Acquiring cleaning result information returned by the cleaning robot when the water tank is cleaned according to a path planning result;

comparing the cleaning result information with preset standard result information, and judging whether the repeated cleaning condition is met currently according to the comparison result;

and if yes, controlling the cleaning robot to repeatedly clean the current cleaning position.

8. A water tank cleaning device based on a plurality of cleaning robots, comprising:

The water tank scanning module is used for controlling at least three cleaning robots to scan a target water tank according to corresponding scanning areas through network relay points when the cleaning requirements are generated, and obtaining area scanning information returned by each cleaning robot;

The water tank modeling module is used for carrying out three-dimensional modeling according to the area scanning information to obtain a three-dimensional model of the target water tank;

The path planning module is used for carrying out slicing processing according to the three-dimensional model and determining an area planning path of the corresponding cleaning robot;

The water tank cleaning module is used for controlling the corresponding cleaning robots to cooperatively clean the target water tank according to the area planning path, determining at least two target cleaning robots from the cleaning robots when preset optimized cleaning conditions are met, controlling the cleaning robots except the target cleaning robots in the target water tank to continuously descend and clean layer by layer according to the area planning path, and controlling the target cleaning robots to clean a water tank in a target area in the target water tank, wherein the target area is the bottom of the water tank and the wall of the water tank with a preset layer height.

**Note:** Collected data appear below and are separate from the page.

definition BiHom_assoc_algebra ::
  "('k::field \<Rightarrow> 'v::ab_group_add \<Rightarrow> 'v) \<Rightarrow> ('v \<Rightarrow> 'v \<Rightarrow> 'v) \<Rightarrow> ('v \<Rightarrow> 'v) \<Rightarrow> ('v \<Rightarrow> 'v) \<Rightarrow> bool" where
  "BiHom_assoc_algebra sc mu \<alpha> \<beta> \<longleftrightarrow>
     vector_space sc \<and> bilinear_map sc mu \<and> Vector_Spaces.linear sc sc \<alpha> \<and> Vector_Spaces.linear sc sc \<beta> \<and>
     \<alpha> \<circ> \<beta> = \<beta> \<circ> \<alpha> \<and> multiplicative mu \<alpha> \<and> multiplicative mu \<beta> \<and>
     (\<forall>x y z. mu (\<alpha> x) (mu y z) = mu (mu x y) (\<beta> z))"

definition BiHom_comm_algebra ::
  "('k::field \<Rightarrow> 'v::ab_group_add \<Rightarrow> 'v) \<Rightarrow> ('v \<Rightarrow> 'v \<Rightarrow> 'v) \<Rightarrow> ('v \<Rightarrow> 'v) \<Rightarrow> ('v \<Rightarrow> 'v) \<Rightarrow> bool" where
  "BiHom_comm_algebra sc mu \<alpha> \<beta> \<longleftrightarrow>
     BiHom_assoc_algebra sc mu \<alpha> \<beta> \<and> (\<forall>a b. mu (\<beta> a) (\<alpha> b) = mu (\<beta> b) (\<alpha> a))"

definition BiHom_Novikov_algebra ::
  "('k::field \<Rightarrow> 'v::ab_group_add \<Rightarrow> 'v) \<Rightarrow> ('v \<Rightarrow> 'v \<Rightarrow> 'v) \<Rightarrow> ('v \<Rightarrow> 'v) \<Rightarrow> ('v \<Rightarrow> 'v) \<Rightarrow> bool" where
  "BiHom_Novikov_algebra sc mu \<alpha> \<beta> \<longleftrightarrow>
     vector_space sc \<and> bilinear_map sc mu \<and> Vector_Spaces.linear sc sc \<alpha> \<and> Vector_Spaces.linear sc sc \<beta> \<and>
     \<alpha> \<circ> \<beta> = \<beta> \<circ> \<alpha> \<and> multiplicative mu \<alpha> \<and> multiplicative mu \<beta> \<and>
     (\<forall>x y z. mu (mu (\<beta> x) (\<alpha> y)) (\<beta> z) - mu (\<alpha> (\<beta> x)) (mu (\<alpha> y) z)
            = mu (mu (\<beta> y) (\<alpha> x)) (\<beta> z) - mu (\<alpha> (\<beta> y)) (mu (\<alpha> x) z)) \<and>
     (\<forall>x y z. mu (mu x (\<beta> y)) (\<alpha> (\<beta> z)) = mu (mu x (\<beta> z)) (\<alpha> (\<beta> y)))"

end

theory Submission
  imports Defs
begin

text \<open>The product a \<cdot> D b of a BiHom-commutative algebra with a \<gamma>-derivation D is
  BiHom-Novikov with structure maps \<alpha> and \<beta>\<gamma> (a BiHom version of the Gelfand-Dorfman
  construction): BiHom-associativity kills every term of the first Novikov identity except
  one, which is symmetric by BiHom-commutativity, and the second identity is a right
  commutativity law of the underlying algebra. The product \<lambda>(a) \<cdot> \<xi>D(b) is then the Yau
  twist of this Novikov product by the commuting multiplicative maps \<lambda> and \<xi>.\<close>

lemma bilinear_map_twisted:
  assumes "bilinear_map sc mu" "Vector_Spaces.linear sc sc f" "Vector_Spaces.linear sc sc g"
  shows "bilinear_map sc (\<lambda>a b. mu (f a) (g b))"
proof -
  have "Vector_Spaces.linear sc sc (mu (f x) \<circ> g)" for x
    using assms by (intro Vector_Spaces.linear_compose) (auto simp: bilinear_map_def)
  moreover have "Vector_Spaces.linear sc sc ((\<lambda>a. mu a (g y)) \<circ> f)" for y
    using assms by (intro Vector_Spaces.linear_compose) (auto simp: bilinear_map_def)
  ultimately show ?thesis
    by (simp add: bilinear_map_def comp_def)
qed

9. An electronic device, comprising:

At least one processor; and

A memory communicatively coupled to the at least one processor; wherein,

The memory stores a computer program executable by the at least one processor to enable the at least one processor to perform a cleaning method of a water tank based on a plurality of cleaning robots as claimed in any one of claims 1 to 7.

10. A computer readable storage medium storing computer instructions for causing a processor to perform a method of cleaning a water tank based on a plurality of cleaning robots as claimed in any one of claims 1 to 7.